“What’s the point?” someone asked the other day, when the conversation came around to NaNoWriMo. (NaNo-whatmo? you say. NaNoWriMo – National Novel Writing Month. You know, that Novemberly craziness where I, and several hundred thousand others across the globe, vanish into a deep rabbit hole of mad, bad and dangerous-to-know novelling, aiming to write a 50,000-word novel in the space of 30 days. I might have mentioned it a time or three [dozen] before.)
What’s the point, indeed. Why do this to yourself? Why engage in such a bout of insanity? And don’t get me wrong, it is insane. Every year, I get stressed to the hilt, moan and whine, say I’m not going to finish (my fellow local Wrimos can attest to that). And every year, I sign up again. This will be my seventh NaNo in a row. But why?
Grant Faulkner, the current executive director of NaNoWriMo, just wrote an excellent article about it: “How a Month of NaNoWriMo Can Lead to a Lifetime of Better Writing“. A lifetime of better writing. Or, in my case, writing at all.
If it wasn’t for NaNoWriMo, I wouldn’t be a writer. Because writing, dontcha know, is for special people. People who have talent. People who have passion, who must write or go insane. People who have grand ideas, big stories to tell – stories of adventures in far-off places, of lives lived in danger and darkness, of deep and harrowing emotions or high and lofty ideals. People who create unforgettable characters and bring them to life on the page. In other words, people not like me.
I’ve always loved stories, and as a kid in school, I was good at writing them. I even took creative writing courses in my undergrad studies, and a night class on how to write books for children. But what I learned from those classes, among other very useful things, was that I don’t have what it takes to be a novelist. I don’t have the stick-to-it-iveness to finish a whole novel, and even if I did, my ideas are kind of basic, trite. Light-weight, as it were. Not the stuff that real novels, and therefore real novelists, are made of.
And that was okay – it’s not like I was crushed or heartbroken about it; it was just a realistic estimation of my skills and abilities. I’m not one of those people who “always wanted to write a novel” – it never occurred to me that I could, because novel writing, dontcha know, is for… (see above, rinse and repeat).
Enter NaNoWriMo 2011.
I wasn’t going to “write a novel” – nah, I had no such lofty goal. All I wanted was to see if I could do this thing, could write 50,000 words in one month. I was going to have fun, and tell myself a story that I liked, and that’s all.

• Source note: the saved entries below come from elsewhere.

(* Let $\delta,\varepsilon\in[0,1)$, let $\mathscr{H},\mathscr{K}$ be complex inner product spaces and let $T:\mathscr{H}\to\mathscr{K}$ be a linear $(\delta,\varepsilon)$-orthogonality preserving mapping. If $\eta,\zeta\in\mathscr{H}\setminus\{0\}$ are orthogonal, then $$\sqrt{\frac{(1-\delta)(1-\varepsilon)}{(1+\delta)(1+\varepsilon)}}\,\|T\zeta\|\,\|\eta\|\leq\|T\eta\|\,\|\zeta\|\leq\sqrt{\frac{(1-\delta)(1+\varepsilon)}{(1+\delta)(1-\varepsilon)}}\,\|T\zeta\|\,\|\eta\|.$$
   Context: A mapping $T:\mathscr{H}\to\mathscr{K}$ between inner product spaces is $(\delta,\varepsilon)$-orthogonality preserving if for all $\eta,\zeta\in\mathscr{H}$, $|(\eta,\zeta)|\leq\delta\|\eta\|\,\|\zeta\|$ implies $|(T\eta,T\zeta)|\leq\varepsilon\|T\eta\|\,\|T\zeta\|$. *)

theory Defs
  imports Complex_Main
begin

class complex_inner_space = ab_group_add +
  fixes cscale :: "complex \<Rightarrow> 'a \<Rightarrow> 'a" (infixr \<open>*\<^sub>C\<close> 75)
    and cinner :: "'a \<Rightarrow> 'a \<Rightarrow> complex"
  assumes cis_scale_add_right: "a *\<^sub>C (x + y) = a *\<^sub>C x + a *\<^sub>C y"
    and cis_scale_add_left: "(a + b) *\<^sub>C x = a *\<^sub>C x + b *\<^sub>C x"
    and cis_scale_scale: "a *\<^sub>C (b *\<^sub>C x) = (a * b) *\<^sub>C x"
    and cis_scale_one: "1 *\<^sub>C x = x"
    and cis_inner_add_left: "cinner (x + y) z = cinner x z + cinner y z"
    and cis_inner_scale_left: "cinner (a *\<^sub>C x) y = a * cinner x y"
    and cis_inner_commute: "cinner y x = cnj (cinner x y)"
    and cis_inner_nonneg: "0 \<le> Re (cinner x x)"
    and cis_inner_zero_iff: "cinner x x = 0 \<longleftrightarrow> x = 0"

definition cnorm :: "'a::complex_inner_space \<Rightarrow> real" where
  "cnorm x = sqrt (Re (cinner x x))"

definition clinear :: "('a::complex_inner_space \<Rightarrow> 'b::complex_inner_space) \<Rightarrow> bool" where
  "clinear T \<longleftrightarrow> (\<forall>x y. T (x + y) = T x + T y) \<and> (\<forall>a x. T (a *\<^sub>C x) = a *\<^sub>C T x)"

definition orth_preserving ::
  "real \<Rightarrow> real \<Rightarrow> ('a::complex_inner_space \<Rightarrow> 'b::complex_inner_space) \<Rightarrow> bool" where
  "orth_preserving \<delta> \<epsilon> T \<longleftrightarrow>
     (\<forall>\<eta> \<zeta>. cmod (cinner \<eta> \<zeta>) \<le> \<delta> * cnorm \<eta> * cnorm \<zeta> \<longrightarrow>
        cmod (cinner (T \<eta>) (T \<zeta>)) \<le> \<epsilon> * cnorm (T \<eta>) * cnorm (T \<zeta>))"

end

theory Submission
  imports Defs
begin

text \<open>Put \<open>p = sqrt ((1 - \<delta>) / (1 + \<delta>))\<close>. For orthogonal \<open>\<eta>, \<zeta>\<close> the vectors
  \<open>\<parallel>\<zeta>\<parallel> \<eta> \<plusminus> p \<parallel>\<eta>\<parallel> \<zeta>\<close> have equal norms and real inner product, and the choice of \<open>p\<close>
  makes them exactly \<open>\<delta>\<close>-orthogonal. Their images under \<open>T\<close> are therefore
  \<open>\<epsilon>\<close>-orthogonal. For vectors \<open>s u \<plusminus> q v\<close> with real \<open>s, q\<close> the real part of the
  inner product is \<open>s\<^sup>2 \<parallel>u\<parallel>\<^sup>2 - q\<^sup>2 \<parallel>v\<parallel>\<^sup>2\<close> and the product of the norms is at most
  \<open>s\<^sup>2 \<parallel>u\<parallel>\<^sup>2 + q\<^sup>2 \<parallel>v\<parallel>\<^sup>2\<close>, so \<open>\<epsilon>\<close>-orthogonality of the images compares \<open>\<parallel>T\<eta>\<parallel>\<close> with
  \<open>\<parallel>T\<zeta>\<parallel>\<close>. Exchanging \<open>\<eta>\<close> and \<open>\<zeta>\<close> gives the other inequality.\<close>

lemma cinner_add_right: "cinner (x::'a::complex_inner_space) (y + z) = cinner x y + cinner x z"
  by (metis cis_inner_add_left cis_inner_commute complex_cnj_add)

lemma cinner_scale_right: "cinner (x::'a::complex_inner_space) (a *\<^sub>C y) = cnj a * cinner x y"
  by (metis cis_inner_commute cis_inner_scale_left complex_cnj_cnj complex_cnj_mult)

lemma cinner_commute_eq_zero: "cinner (x::'a::complex_inner_space) y = 0 \<Longrightarrow> cinner y x = 0"
  by (metis cis_inner_commute complex_cnj_zero)

lemma cnorm_nonneg: "0 \<le> cnorm x"
  unfolding cnorm_def using cis_inner_nonneg by simp

lemma cinner_self_eq_cnorm_sq: "cinner (x::'a::complex_inner_space) x = complex_of_real (cnorm x ^ 2)"
proof -
  have "Im (cinner x x) = Im (cnj (cinner x x))"
    using cis_inner_commute by metis
  then have "Im (cinner x x) = 0" by simp
  moreover have "cnorm x ^ 2 = Re (cinner x x)"
    unfolding cnorm_def using cis_inner_nonneg by simp
  ultimately show ?thesis by (simp add: complex_eq_iff)
qed

lemma cinner_real_combination:
  fixes x y :: "'a::complex_inner_space"
  shows "cinner (complex_of_real a *\<^sub>C x + complex_of_real b *\<^sub>C y)
                (complex_of_real c *\<^sub>C x + complex_of_real d *\<^sub>C y)
       = complex_of_real (a * c * cnorm x ^ 2 + b * d * cnorm y ^ 2)
         + complex_of_real (a * d) * cinner x y + complex_of_real (b * c) * cinner y x"
  by (simp add: cis_inner_add_left cinner_add_right cis_inner_scale_left cinner_scale_right
      cinner_self_eq_cnorm_sq algebra_simps)

lemma cnorm_real_combination_sq:
  fixes x y :: "'a::complex_inner_space"
  shows "cnorm (complex_of_real s *\<^sub>C x + complex_of_real q *\<^sub>C y) ^ 2
       = s\<^sup>2 * cnorm x ^ 2 + q\<^sup>2 * cnorm y ^ 2 + 2 * s * q * Re (cinner x y)"
  using cis_inner_nonneg[of "complex_of_real s *\<^sub>C x + complex_of_real q *\<^sub>C y"]
  unfolding cnorm_def[of "_ + _"] cinner_real_combination cis_inner_commute[of x y]
  by (simp add: power2_eq_square algebra_simps)

text \<open>The cross terms \<open>-s q \<langle>u,v\<rangle> + q s \<langle>v,u\<rangle>\<close> are purely imaginary.\<close>

lemma Re_cinner_sum_diff:
  fixes u v :: "'a::complex_inner_space"
  shows "Re (cinner (complex_of_real s *\<^sub>C u + complex_of_real q *\<^sub>C v)
                    (complex_of_real s *\<^sub>C u + complex_of_real (- q) *\<^sub>C v))
       = s\<^sup>2 * cnorm u ^ 2 - q\<^sup>2 * cnorm v ^ 2"
  unfolding cinner_real_combination cis_inner_commute[of v u]
  by (simp add: power2_eq_square)

lemma cnorm_sum_mult_cnorm_diff_le:
  fixes u v :: "'a::complex_inner_space"
  shows "cnorm (complex_of_real s *\<^sub>C u + complex_of_real q *\<^sub>C v)
         * cnorm (complex_of_real s *\<^sub>C u + complex_of_real (- q) *\<^sub>C v)
       \<le> s\<^sup>2 * cnorm u ^ 2 + q\<^sup>2 * cnorm v ^ 2"
proof -
  let ?a = "cnorm (complex_of_real s *\<^sub>C u + complex_of_real q *\<^sub>C v)"
  let ?b = "cnorm (complex_of_real s *\<^sub>C u + complex_of_real (- q) *\<^sub>C v)"
  have "2 * (?a * ?b) \<le> ?a ^ 2 + ?b ^ 2"
    using sum_squares_bound[of ?a ?b] by (simp add: power2_eq_square)
  also have "\<dots> = 2 * (s\<^sup>2 * cnorm u ^ 2 + q\<^sup>2 * cnorm v ^ 2)"
    unfolding cnorm_real_combination_sq by simp
  finally show ?thesis by simp
qed

lemma orth_preserving_sum_diff_bound:
  fixes T :: "'a::complex_inner_space \<Rightarrow> 'b::complex_inner_space"
  assumes "0 \<le> \<epsilon>" and "clinear T" and "orth_preserving \<delta> \<epsilon> T"
    and x_def: "x = complex_of_real s *\<^sub>C \<eta> + complex_of_real q *\<^sub>C \<zeta>"
    and y_def: "y = complex_of_real s *\<^sub>C \<eta> + complex_of_real (- q) *\<^sub>C \<zeta>"
    and "cmod (cinner x y) \<le> \<delta> * cnorm x * cnorm y"
  shows "(1 - \<epsilon>) * (s\<^sup>2 * cnorm (T \<eta>) ^ 2) \<le> (1 + \<epsilon>) * (q\<^sup>2 * cnorm (T \<zeta>) ^ 2)"
proof -
  have Tx: "T x = complex_of_real s *\<^sub>C T \<eta> + complex_of_real q *\<^sub>C T \<zeta>"
    and Ty: "T y = complex_of_real s *\<^sub>C T \<eta> + complex_of_real (- q) *\<^sub>C T \<zeta>"
    using \<open>clinear T\<close> unfolding x_def y_def clinear_def by auto
  have image_orth: "cmod (cinner (T x) (T y)) \<le> \<epsilon> * (cnorm (T x) * cnorm (T y))"
    using assms(3,6) unfolding orth_preserving_def by (simp add: mult.assoc)
  have "s\<^sup>2 * cnorm (T \<eta>) ^ 2 - q\<^sup>2 * cnorm (T \<zeta>) ^ 2 = Re (cinner (T x) (T y))"
    unfolding Tx Ty Re_cinner_sum_diff ..
  also have "\<dots> \<le> cmod (cinner (T x) (T y))"
    by (rule complex_Re_le_cmod)
  also have "\<dots> \<le> \<epsilon> * (s\<^sup>2 * cnorm (T \<eta>) ^ 2 + q\<^sup>2 * cnorm (T \<zeta>) ^ 2)"
    using image_orth mult_left_mono[OF cnorm_sum_mult_cnorm_diff_le[of s "T \<eta>" q "T \<zeta>"] \<open>0 \<le> \<epsilon>\<close>]
    unfolding Tx Ty by linarith
  finally show ?thesis by (simp add: algebra_simps)
qed

lemma orthogonal_sum_diff_delta_orthogonal:
  fixes \<eta> \<zeta> :: "'a::complex_inner_space"
  assumes "0 \<le> \<delta>" "\<delta> < 1" and "cinner \<eta> \<zeta> = 0"
    and p_def: "p = sqrt ((1 - \<delta>) / (1 + \<delta>))"
  defines "x \<equiv> complex_of_real (cnorm \<zeta>) *\<^sub>C \<eta> + complex_of_real (p * cnorm \<eta>) *\<^sub>C \<zeta>"
    and "y \<equiv> complex_of_real (cnorm \<zeta>) *\<^sub>C \<eta> + complex_of_real (- (p * cnorm \<eta>)) *\<^sub>C \<zeta>"
  shows "cmod (cinner x y) \<le> \<delta> * cnorm x * cnorm y"
proof -
  define N where "N = cnorm \<zeta> * cnorm \<eta>"
  have p_sq: "(1 + \<delta>) * p\<^sup>2 = 1 - \<delta>"
    using assms(1,2) unfolding p_def by simp
  have inner: "cinner x y = complex_of_real (N\<^sup>2 * (1 - p\<^sup>2))"
    unfolding x_def y_def cinner_real_combination N_def
    using assms(3) cinner_commute_eq_zero[OF assms(3)]
    by (simp add: power2_eq_square algebra_simps)
  have x_sq: "cnorm x ^ 2 = N\<^sup>2 * (1 + p\<^sup>2)" and y_sq: "cnorm y ^ 2 = N\<^sup>2 * (1 + p\<^sup>2)"
    unfolding x_def y_def cnorm_real_combination_sq N_def using assms(3)
    by (simp_all add: power2_eq_square algebra_simps)
  then have "cnorm y = cnorm x"
    using power2_eq_imp_eq cnorm_nonneg by metis
  then have norms: "cnorm x * cnorm y = N\<^sup>2 * (1 + p\<^sup>2)"
    using x_sq by (simp add: power2_eq_square)
  have "p\<^sup>2 \<le> 1"
    using assms(1,2) unfolding p_def by simp
  then have "cmod (cinner x y) = N\<^sup>2 * (1 - p\<^sup>2)"
    unfolding inner norm_of_real by simp
  also have "\<dots> = \<delta> * (N\<^sup>2 * (1 + p\<^sup>2))"
  proof -
    have "1 - p\<^sup>2 = \<delta> * (1 + p\<^sup>2)" using p_sq by (simp add: algebra_simps)
    then show ?thesis by simp
  qed
  finally show ?thesis
    unfolding norms[symmetric] by (simp add: mult.assoc)
qed

lemma orth_preserving_orthogonal_bound:
  fixes T :: "'a::complex_inner_space \<Rightarrow> 'b::complex_inner_space"
  assumes "0 \<le> \<delta>" "\<delta> < 1" "0 \<le> \<epsilon>"
    and "clinear T" and "orth_preserving \<delta> \<epsilon> T" and "cinner \<eta> \<zeta> = 0"
  shows "(1 - \<epsilon>) * (1 + \<delta>) * (cnorm (T \<eta>) * cnorm \<zeta>)\<^sup>2
         \<le> (1 + \<epsilon>) * (1 - \<delta>) * (cnorm (T \<zeta>) * cnorm \<eta>)\<^sup>2"
proof -
  define p where "p = sqrt ((1 - \<delta>) / (1 + \<delta>))"
  have p_sq: "(1 + \<delta>) * p\<^sup>2 = 1 - \<delta>"
    using assms(1,2) unfolding p_def by simp
  have "(1 - \<epsilon>) * ((cnorm \<zeta>)\<^sup>2 * cnorm (T \<eta>) ^ 2)
        \<le> (1 + \<epsilon>) * ((p * cnorm \<eta>)\<^sup>2 * cnorm (T \<zeta>) ^ 2)"
    using orth_preserving_sum_diff_bound[OF assms(3-5) refl refl
        orthogonal_sum_diff_delta_orthogonal[OF assms(1,2,6) p_def]] .
  then have "(1 + \<delta>) * ((1 - \<epsilon>) * ((cnorm \<zeta>)\<^sup>2 * cnorm (T \<eta>) ^ 2))
        \<le> (1 + \<delta>) * ((1 + \<epsilon>) * ((p * cnorm \<eta>)\<^sup>2 * cnorm (T \<zeta>) ^ 2))"
    using assms(1) by (intro mult_left_mono) auto
  also have "\<dots> = (1 + \<epsilon>) * ((1 + \<delta>) * p\<^sup>2) * (cnorm (T \<zeta>) * cnorm \<eta>)\<^sup>2"
    by (simp add: power_mult_distrib algebra_simps)
  finally show ?thesis
    unfolding p_sq by (simp add: power_mult_distrib algebra_simps)
qed

lemma le_sqrt_mult_of_sq_le:
  fixes X Y a :: real
  assumes "0 \<le> Y" and "X\<^sup>2 \<le> a * Y\<^sup>2"
  shows "X \<le> sqrt a * Y"
proof -
  have "X \<le> sqrt (X\<^sup>2)" by simp
  also have "\<dots> \<le> sqrt (a * Y\<^sup>2)" using assms(2) by (rule real_sqrt_le_mono)
  also have "\<dots> = sqrt a * Y" using assms(1) by (simp add: real_sqrt_mult)
  finally show ?thesis .
qed

lemma sqrt_mult_le_of_sq_le:
  fixes X Y a :: real
  assumes "0 \<le> X" "0 \<le> Y" and "a * Y\<^sup>2 \<le> X\<^sup>2"
  shows "sqrt a * Y \<le> X"
proof -
  have "sqrt a * Y = sqrt (a * Y\<^sup>2)" using assms(2) by (simp add: real_sqrt_mult)
  also have "\<dots> \<le> sqrt (X\<^sup>2)" using assms(3) by (rule real_sqrt_le_mono)
  also have "\<dots> = X" using assms(1) by simp
  finally show ?thesis .
qed

lemma orth_preserving_orthogonal_upper_bound:
  fixes T :: "'a::complex_inner_space \<Rightarrow> 'b::complex_inner_space"
  assumes "0 \<le> \<delta>" "\<delta> < 1" "0 \<le> \<epsilon>" "\<epsilon> < 1"
    and "clinear T" and "orth_preserving \<delta> \<epsilon> T" and "cinner \<eta> \<zeta> = 0"
  shows "(cnorm (T \<eta>) * cnorm \<zeta>)\<^sup>2
         \<le> ((1 - \<delta>) * (1 + \<epsilon>)) / ((1 + \<delta>) * (1 - \<epsilon>)) * (cnorm (T \<zeta>) * cnorm \<eta>)\<^sup>2"
proof -
  have "0 < (1 + \<delta>) * (1 - \<epsilon>)"
    using assms(1,4) by simp
  then show ?thesis
    using orth_preserving_orthogonal_bound[OF assms(1-3,5-7)] by (simp add: pos_le_divide_eq mult_ac)
qed

text \<open>Exchanging \<open>\<eta>\<close> and \<open>\<zeta>\<close> even yields the factor \<open>(1 + \<delta>) / (1 - \<delta>)\<close>;
  the claimed bound is weakened to \<open>(1 - \<delta>) / (1 + \<delta>)\<close>.\<close>

lemma orth_preserving_orthogonal_lower_bound:
  fixes T :: "'a::complex_inner_space \<Rightarrow> 'b::complex_inner_space"
  assumes "0 \<le> \<delta>" "\<delta> < 1" "0 \<le> \<epsilon>" "\<epsilon> < 1"
    and "clinear T" and "orth_preserving \<delta> \<epsilon> T" and "cinner \<eta> \<zeta> = 0"
  shows "((1 - \<delta>) * (1 - \<epsilon>)) / ((1 + \<delta>) * (1 + \<epsilon>)) * (cnorm (T \<zeta>) * cnorm \<eta>)\<^sup>2
         \<le> (cnorm (T \<eta>) * cnorm \<zeta>)\<^sup>2"
proof -
  define X where "X = cnorm (T \<eta>) * cnorm \<zeta>"
  define Y where "Y = cnorm (T \<zeta>) * cnorm \<eta>"
  have "(1 - \<delta>) * (1 - \<epsilon>) * Y\<^sup>2 \<le> (1 - \<epsilon>) * (1 + \<delta>) * Y\<^sup>2"
    using assms(1,4) by (intro mult_right_mono) auto
  also have "\<dots> \<le> (1 + \<epsilon>) * (1 - \<delta>) * X\<^sup>2"
    unfolding X_def Y_def
    by (rule orth_preserving_orthogonal_bound[OF assms(1-3,5,6) cinner_commute_eq_zero[OF assms(7)]])
  also have "\<dots> \<le> (1 + \<delta>) * (1 + \<epsilon>) * X\<^sup>2"
    using assms(1,3) by (intro mult_right_mono) auto
  moreover have "0 < (1 + \<delta>) * (1 + \<epsilon>)"
    using assms(1,3) by simp
  ultimately show ?thesis
    unfolding X_def[symmetric] Y_def[symmetric]
    by (simp only: times_divide_eq_left pos_divide_le_eq mult.commute[of "X\<^sup>2"])
qed

theorem corollary3p2:
  fixes T :: "'a::complex_inner_space \<Rightarrow> 'b::complex_inner_space"
    and \<delta> \<epsilon> :: real and \<eta> \<zeta> :: 'a
  assumes "0 \<le> \<delta>" "\<delta> < 1" "0 \<le> \<epsilon>" "\<epsilon> < 1"
    and "clinear T" and "orth_preserving \<delta> \<epsilon> T"
    and "\<eta> \<noteq> 0" and "\<zeta> \<noteq> 0" and "cinner \<eta> \<zeta> = 0"
  shows "sqrt (((1 - \<delta>) * (1 - \<epsilon>)) / ((1 + \<delta>) * (1 + \<epsilon>))) * cnorm (T \<zeta>) * cnorm \<eta>
           \<le> cnorm (T \<eta>) * cnorm \<zeta>
       \<and> cnorm (T \<eta>) * cnorm \<zeta>
           \<le> sqrt (((1 - \<delta>) * (1 + \<epsilon>)) / ((1 + \<delta>) * (1 - \<epsilon>))) * cnorm (T \<zeta>) * cnorm \<eta>"
proof -
  have "0 \<le> cnorm (T \<eta>) * cnorm \<zeta>" "0 \<le> cnorm (T \<zeta>) * cnorm \<eta>"
    by (simp_all add: cnorm_nonneg)
  then show ?thesis
    using sqrt_mult_le_of_sq_le[OF _ _ orth_preserving_orthogonal_lower_bound[OF assms(1-6,9)]]
      le_sqrt_mult_of_sq_le[OF _ orth_preserving_orthogonal_upper_bound[OF assms(1-6,9)]]
    by (simp add: mult.assoc)
qed

end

And you know what? I did. I wrote 50,000 words, told myself a story, and “won” my first NaNo. But that wasn’t all. When I was finished, I had a novel. A full, completed novel. And just like that, I was a writer.
Because a writer … is a person who writes.
And that’s what NaNoWriMo is about – writing.
The goal that all us crazies sign up for is to write 50,000 words. Not everyone makes that goal; in fact, not very many Wrimos do – a rough estimate is that maybe 1 in 4 reaches the full word count. But for the rest of them? They still write. Even if someone falls 40,000 words short of the goal, that means they’ve still written 10,000 words they hadn’t written before. Ten thousand words! That’s a lot of words, people. It’s about forty pages, printed out, and there’s novellas out on the market of that length.
And the reason these Wrimos wrote those words is because they signed up for it, and got caught up in the sheer enthusiasm and excitement that’s NaNoWriMo and swept along in the current of writerly excitement. Caught up just like I get caught up again, every year, for the seventh time in a row now. Surrounded by other crazies, talking titles and plots and word count tricks, sharing ideas and cheering each other on.
It doesn’t matter that those stories we write aren’t deep, or lofty, or weighty or important. They might be, but then again, they might not. They might be terrible, riddled with spelling mistakes, more full of plot holes than a broken sieve. But they are still stories, and they have been written. Written by writers.
And that is the point of NaNoWriMo: it makes me a writer. That’s why I do it, year after year.
Like I said, you don’t have to join in – by no means do you have to join in. But if, perhaps, this is something you think you might want to try – do it! Come on in, join the fun! It’s the best thing ever. And who knows, at the end you might have a novel in your hand – that’s what happened to me. And it was a game changer.
Life, the Universe, and Being a Writer. Thank you, NaNoWriMo!